To save the ENHANCE result to disk, we generally want to avoid saving the denoised expression matrix directly. The reason for that is that the denoised matrix is no longer sparse, and saving it to disk can easily require several hundred MB. Thankfully, it is not necessary to save the full matrix. Since the denoised data is the result of a (truncated) PCA, we can simply save the low-dimensional PCA-based representation of the data.
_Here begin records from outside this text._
lemma loop_lang_segments_glue:
  assumes s: "strict_mono s" "s 0 = 0"
    and loops: "\<forall>k. map \<beta> [s k..<s (Suc k)] \<in> loop_lang \<delta> q"
  obtains r where "\<forall>k. r (s k) = q" and "\<forall>n. (r n, \<beta> n, r (Suc n)) \<in> \<delta>"
proof -
  have "\<exists>r. r 0 = q \<and> r (s (Suc k) - s k) = q \<and>
          (\<forall>t < s (Suc k) - s k. (r t, \<beta> (s k + t), r (Suc t)) \<in> \<delta>)" for k
    using loops by (simp add: loop_lang_def)
  then obtain R where R0: "\<And>k. R k 0 = q" and R_end: "\<And>k. R k (s (Suc k) - s k) = q"
    and R_step: "\<And>k t. t < s (Suc k) - s k \<Longrightarrow> (R k t, \<beta> (s k + t), R k (Suc t)) \<in> \<delta>"
    by metis
  define idx where "idx n = (THE k. s k \<le> n \<and> n < s (Suc k))" for n
  have unique: "\<exists>!k. s k \<le> n \<and> n < s (Suc k)" for n
    using strict_mono_interval_index[OF s(1)] s(2) by simp
  have idx_eq: "idx n = k" if "s k \<le> n" "n < s (Suc k)" for n k
    unfolding idx_def using that by (intro the1_equality[OF unique]) simp
  have idx_bounds: "s (idx n) \<le> n \<and> n < s (Suc (idx n))" for n
    unfolding idx_def by (rule theI'[OF unique])
  define r where "r n = R (idx n) (n - s (idx n))" for n
  have "r (s k) = q" for k
    using idx_eq[of k "s k"] strict_mono_less[OF s(1), of k "Suc k"] R0 by (simp add: r_def)
  moreover have "(r n, \<beta> n, r (Suc n)) \<in> \<delta>" for n
  proof -
    define k where "k = idx n"
    have k: "s k \<le> n" "n < s (Suc k)" using idx_bounds[of n] by (simp_all add: k_def)
    have "r (Suc n) = R k (Suc (n - s k))"
    proof (cases "Suc n < s (Suc k)")
      case True
      then show ?thesis using idx_eq[of k "Suc n"] k by (simp add: r_def Suc_diff_le)
    next
      case False
      then have "Suc n = s (Suc k)" using k by simp
      moreover have "Suc (n - s k) = s (Suc k) - s k" using calculation k(1) by linarith
      ultimately show ?thesis
        using idx_eq[of "Suc k" "Suc n"] strict_mono_less[OF s(1), of "Suc k" "Suc (Suc k)"] R0 R_end[of k]
        by (simp add: r_def)
    qed
    then show ?thesis
      using R_step[of "n - s k" k] k by (simp add: r_def k_def [symmetric])
  qed
  ultimately show ?thesis using that by blast
qed

definition nfa_trans :: "'a pa \<Rightarrow> (nat \<times> 'a \<times> nat) set" where
  "nfa_trans A = (\<lambda>(p, a, v, q). (p, a, q)) ` pa_trans A"

lemma nfa_trans_iff: "(p, a, q) \<in> nfa_trans A \<longleftrightarrow> (\<exists>v. (p, a, v, q) \<in> pa_trans A)"
  by (force simp: nfa_trans_def)

lemma regular_loop_lang_nfa_trans: "wf_pa A \<Longrightarrow> regular (loop_lang (nfa_trans A) f)"
  unfolding wf_pa_def nfa_trans_def by (intro regular_loop_lang) simp

definition rpba_prefix_lang :: "'a pa \<Rightarrow> nat \<Rightarrow> 'a list set" where
  "rpba_prefix_lang A f =
     {u. \<exists>p vs i. p 0 = pa_init A \<and>
        (\<forall>k<length u. (p k, u ! k, vs k, p (Suc k)) \<in> pa_trans A) \<and> p (length u) = f \<and>
        1 \<le> i \<and> i \<le> length u \<and> p i \<in> pa_final A \<and>
        vsum (pa_dim A) (map vs [0..<i]) \<in> pa_constr A}"

lemma rpba_accepts_imp_decomposition:
  assumes "finite (pa_final A)" and "rpba_accepts A \<alpha>"
  shows "\<exists>f \<in> pa_final A.
           \<alpha> \<in> lang_conc (rpba_prefix_lang A f) (omega_iter (loop_lang (nfa_trans A) f))"
proof -
  obtain p vs i where p0: "p 0 = pa_init A"
    and step: "\<And>k. (p k, \<alpha> k, vs k, p (Suc k)) \<in> pa_trans A"
    and i: "i \<ge> 1" "p i \<in> pa_final A" "vsum (pa_dim A) (map vs [0..<i]) \<in> pa_constr A"
    and final_infinitely: "\<exists>\<^sub>\<infinity>j. p j \<in> pa_final A"
    using assms(2) unfolding rpba_accepts_def by blast
  obtain f and visit :: "nat \<Rightarrow> nat" where f: "f \<in> pa_final A" and mono: "strict_mono visit"
    and visit: "\<forall>k. p (visit k) = f \<and> i \<le> visit k"
    using INFM_in_finite_obtain_visits[OF assms(1) final_infinitely, where i = i] .
  have "map \<alpha> [0..<visit 0] \<in> rpba_prefix_lang A f"
    unfolding rpba_prefix_lang_def using p0 step i visit
    by (intro CollectI exI[of _ p] exI[of _ vs] exI[of _ i]) simp
  moreover have "map \<alpha> [visit k..<visit (Suc k)] \<in> loop_lang (nfa_trans A) f" for k
    unfolding loop_lang_def
  proof (intro CollectI exI[of _ "\<lambda>t. p (visit k + t)"] conjI allI impI)
    have "visit k \<le> visit (Suc k)"
      using mono by (simp add: strict_mono_less_eq)
    then show "p (visit k + length (map \<alpha> [visit k..<visit (Suc k)])) = f"
      using visit by simp
    show "(p (visit k + t), map \<alpha> [visit k..<visit (Suc k)] ! t, p (visit k + Suc t)) \<in> nfa_trans A"
      if "t < length (map \<alpha> [visit k..<visit (Suc k)])" for t
      using that step[of "visit k + t"] nfa_trans_iff by fastforce
  qed (simp add: visit)
  then have "(\<lambda>n. \<alpha> (visit 0 + n)) \<in> omega_iter (loop_lang (nfa_trans A) f)"
    by (rule suffix_in_omega_iter[OF mono])
  ultimately have "conc_ow (map \<alpha> [0..<visit 0]) (\<lambda>n. \<alpha> (visit 0 + n))
      \<in> lang_conc (rpba_prefix_lang A f) (omega_iter (loop_lang (nfa_trans A) f))"
    by (rule conc_ow_in_lang_conc)
  then show ?thesis
    using f unfolding conc_ow_take_drop by blast
qed

lemma pa_run_conc_ow:
  assumes prefix: "\<And>k. k < length u \<Longrightarrow> (p k, u ! k, vs k, p (Suc k)) \<in> pa_trans A"
    and suffix: "\<forall>n. (r n, \<beta> n, r (Suc n)) \<in> nfa_trans A"
    and "p (length u) = r 0"
  obtains P VS where "\<forall>n. (P n, conc_ow u \<beta> n, VS n, P (Suc n)) \<in> pa_trans A"
    and "\<forall>n \<le> length u. P n = p n" and "\<forall>n < length u. VS n = vs n"
    and "\<forall>n. P (length u + n) = r n"
proof -
  define P where "P n = (if n \<le> length u then p n else r (n - length u))" for n
  have P_suffix: "P n = r (n - length u)" if "length u \<le> n" for n
    using that assms(3) by (simp add: P_def)
  have "\<exists>v. (P n, conc_ow u \<beta> n, v, P (Suc n)) \<in> pa_trans A" if "length u \<le> n" for n
    using that suffix P_suffix[of n] P_suffix[of "Suc n"]
    by (simp add: conc_ow_def nfa_trans_iff Suc_diff_le)
  then obtain ws where ws: "\<And>n. length u \<le> n \<Longrightarrow> (P n, conc_ow u \<beta> n, ws n, P (Suc n)) \<in> pa_trans A"
    by metis
  define VS where "VS n = (if n < length u then vs n else ws n)" for n
  have "(P n, conc_ow u \<beta> n, VS n, P (Suc n)) \<in> pa_trans A" for n
    using prefix[of n] ws[of n] by (cases "n < length u") (simp_all add: P_def VS_def conc_ow_def)
  then have "\<forall>n. (P n, conc_ow u \<beta> n, VS n, P (Suc n)) \<in> pa_trans A" ..
  moreover have "\<forall>n \<le> length u. P n = p n" and "\<forall>n < length u. VS n = vs n"
    by (simp_all add: P_def VS_def)
  moreover have "\<forall>n. P (length u + n) = r n"
    using P_suffix by simp
  ultimately show ?thesis
    by (rule that)
qed

lemma decomposition_imp_rpba_accepts:
  assumes "f \<in> pa_final A"
    and "\<alpha> \<in> lang_conc (rpba_prefix_lang A f) (omega_iter (loop_lang (nfa_trans A) f))"
  shows "rpba_accepts A \<alpha>"
proof -
  obtain u \<beta> where \<alpha>: "\<alpha> = conc_ow u \<beta>" and u: "u \<in> rpba_prefix_lang A f"
    and \<beta>: "\<beta> \<in> omega_iter (loop_lang (nfa_trans A) f)"
    using assms(2) unfolding lang_conc_def by blast
  obtain p vs i where p0: "p 0 = pa_init A"
    and prefix: "\<And>k. k < length u \<Longrightarrow> (p k, u ! k, vs k, p (Suc k)) \<in> pa_trans A"
    and p_end: "p (length u) = f"
    and i: "1 \<le> i" "i \<le> length u" "p i \<in> pa_final A" "vsum (pa_dim A) (map vs [0..<i]) \<in> pa_constr A"
    using u unfolding rpba_prefix_lang_def by blast
  obtain s where s: "strict_mono s" "s 0 = 0"
    and loops: "\<forall>k. map \<beta> [s k..<s (Suc k)] \<in> loop_lang (nfa_trans A) f"
    using \<beta>[unfolded omega_iter_iff_factorization] by blast
  obtain r where r_visit: "\<forall>k. r (s k) = f" and suffix: "\<forall>n. (r n, \<beta> n, r (Suc n)) \<in> nfa_trans A"
    using loop_lang_segments_glue[OF s loops] .
  have "p (length u) = r 0"
    using p_end r_visit s(2) by metis
  then obtain P VS where run: "\<forall>n. (P n, \<alpha> n, VS n, P (Suc n)) \<in> pa_trans A"
    and P_prefix: "\<forall>n \<le> length u. P n = p n" and VS_prefix: "\<forall>n < length u. VS n = vs n"
    and P_suffix: "\<forall>n. P (length u + n) = r n"
    unfolding \<alpha> using pa_run_conc_ow[OF prefix suffix] by blast
  have prefix_VS: "map VS [0..<i] = map vs [0..<i]"
    using i(2) VS_prefix by simp
  have "P i \<in> pa_final A \<and> vsum (pa_dim A) (map VS [0..<i]) \<in> pa_constr A"
    unfolding prefix_VS using i P_prefix by simp
  moreover have "\<exists>\<^sub>\<infinity>j. P j \<in> pa_final A"
    unfolding INFM_nat
  proof
    fix m
    have "m < length u + s (Suc m)"
      using strict_mono_imp_increasing[OF s(1), of "Suc m"] by simp
    then show "\<exists>j>m. P j \<in> pa_final A"
      using P_suffix r_visit assms(1) by metis
  qed
  ultimately show ?thesis
    unfolding rpba_accepts_def using run p0 P_prefix i(1) by (metis le0)
qed

lemma rpba_lang_decomposition:
  assumes "finite (pa_final A)"
  shows "rpba_lang A =
    (\<Union>f \<in> pa_final A. lang_conc (rpba_prefix_lang A f) (omega_iter (loop_lang (nfa_trans A) f)))"
  using rpba_accepts_imp_decomposition[OF assms] decomposition_imp_rpba_accepts
  unfolding rpba_lang_def by blast

(* State 2q is q before the counters are frozen, state 2q + 1 is q afterwards; freezing is
   only possible on entering a final state. *)
definition prefix_pa_trans :: "'a pa \<Rightarrow> (nat \<times> 'a \<times> nat list \<times> nat) set" where
  "prefix_pa_trans A =
     (\<lambda>(p, a, v, q). (2 * p, a, v, 2 * q)) ` pa_trans A \<union>
     (\<lambda>(p, a, v, q). (2 * p, a, v, 2 * q + 1)) ` {(p, a, v, q) \<in> pa_trans A. q \<in> pa_final A} \<union>
     (\<lambda>(p, a, v, q). (2 * p + 1, a, replicate (pa_dim A) 0, 2 * q + 1)) ` pa_trans A"

definition prefix_pa :: "'a pa \<Rightarrow> nat \<Rightarrow> 'a pa" where
  "prefix_pa A f =
     \<lparr>pa_dim = pa_dim A,
      pa_states = (\<lambda>p. 2 * p) ` pa_states A \<union> (\<lambda>p. 2 * p + 1) ` pa_states A,
      pa_init = 2 * pa_init A,
      pa_trans = prefix_pa_trans A,
      pa_final = {2 * f + 1},
      pa_constr = pa_constr A\<rparr>"

lemma prefix_pa_trans_iff:
  "(x, a, w, y) \<in> prefix_pa_trans A \<longleftrightarrow>
     (\<exists>p v q. (p, a, v, q) \<in> pa_trans A \<and>
        (x = 2 * p \<and> w = v \<and> y = 2 * q \<or>
         x = 2 * p \<and> w = v \<and> y = 2 * q + 1 \<and> q \<in> pa_final A \<or>
         x = 2 * p + 1 \<and> w = replicate (pa_dim A) 0 \<and> y = 2 * q + 1))"
  unfolding prefix_pa_trans_def by (auto simp: image_iff; force)

lemma prefix_pa_transD:
  assumes "(x, a, w, y) \<in> prefix_pa_trans A"
  shows "\<exists>v. (x div 2, a, v, y div 2) \<in> pa_trans A"
    and "even x \<Longrightarrow> (x div 2, a, w, y div 2) \<in> pa_trans A"
    and "odd x \<Longrightarrow> odd y \<and> w = replicate (pa_dim A) 0"
    and "even x \<Longrightarrow> odd y \<Longrightarrow> y div 2 \<in> pa_final A"
  using assms unfolding prefix_pa_trans_iff by auto

lemma wf_prefix_pa:
  assumes "wf_pa A" and "f \<in> pa_states A"
  shows "wf_pa (prefix_pa A f)"
  unfolding wf_pa_def
proof (intro conjI)
  let ?B = "prefix_pa A f"
  show "\<forall>(x, a, w, y) \<in> pa_trans ?B. x \<in> pa_states ?B \<and> y \<in> pa_states ?B \<and> length w = pa_dim ?B"
    using assms(1) unfolding wf_pa_def prefix_pa_def by (fastforce simp: prefix_pa_trans_iff)
  have "{(p, a, v, q) \<in> pa_trans A. q \<in> pa_final A} \<subseteq> pa_trans A"
    by auto
  then show "finite (pa_trans ?B)"
    using assms(1) finite_subset unfolding wf_pa_def prefix_pa_def prefix_pa_trans_def by auto
qed (use assms in \<open>auto simp: wf_pa_def prefix_pa_def\<close>)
This is accomplished by saving the ENHANCE
object using save_pickle()
. To load ENHANCE results from disk, we then call ENHANCE.load_pickle()
.
Once we have a trained ENHANCE model, we can access the denoised expression matrix using the denoised_matrix_
attribute of the ENHANCE
object. This will reconstruct the denoised expression matrix from the low-dimensional representation stored inside the object.
import gc
from monet import ExpMatrix
from monet import ENHANCE
expression_file = 'data/v3_human_pbmc_10k_expression.npz'
enhance_model_file = 'output/v3_human_pbmc_10k_enhance_model.pickle'
# load data
matrix = ExpMatrix.load_npz(expression_file)
# train ENHANCE model
enhance_model = ENHANCE()
enhance_model.fit(matrix)
# save ENHANCE model to disk
enhance_model.save_pickle(enhance_model_file)
# free up memory
del matrix; gc.collect()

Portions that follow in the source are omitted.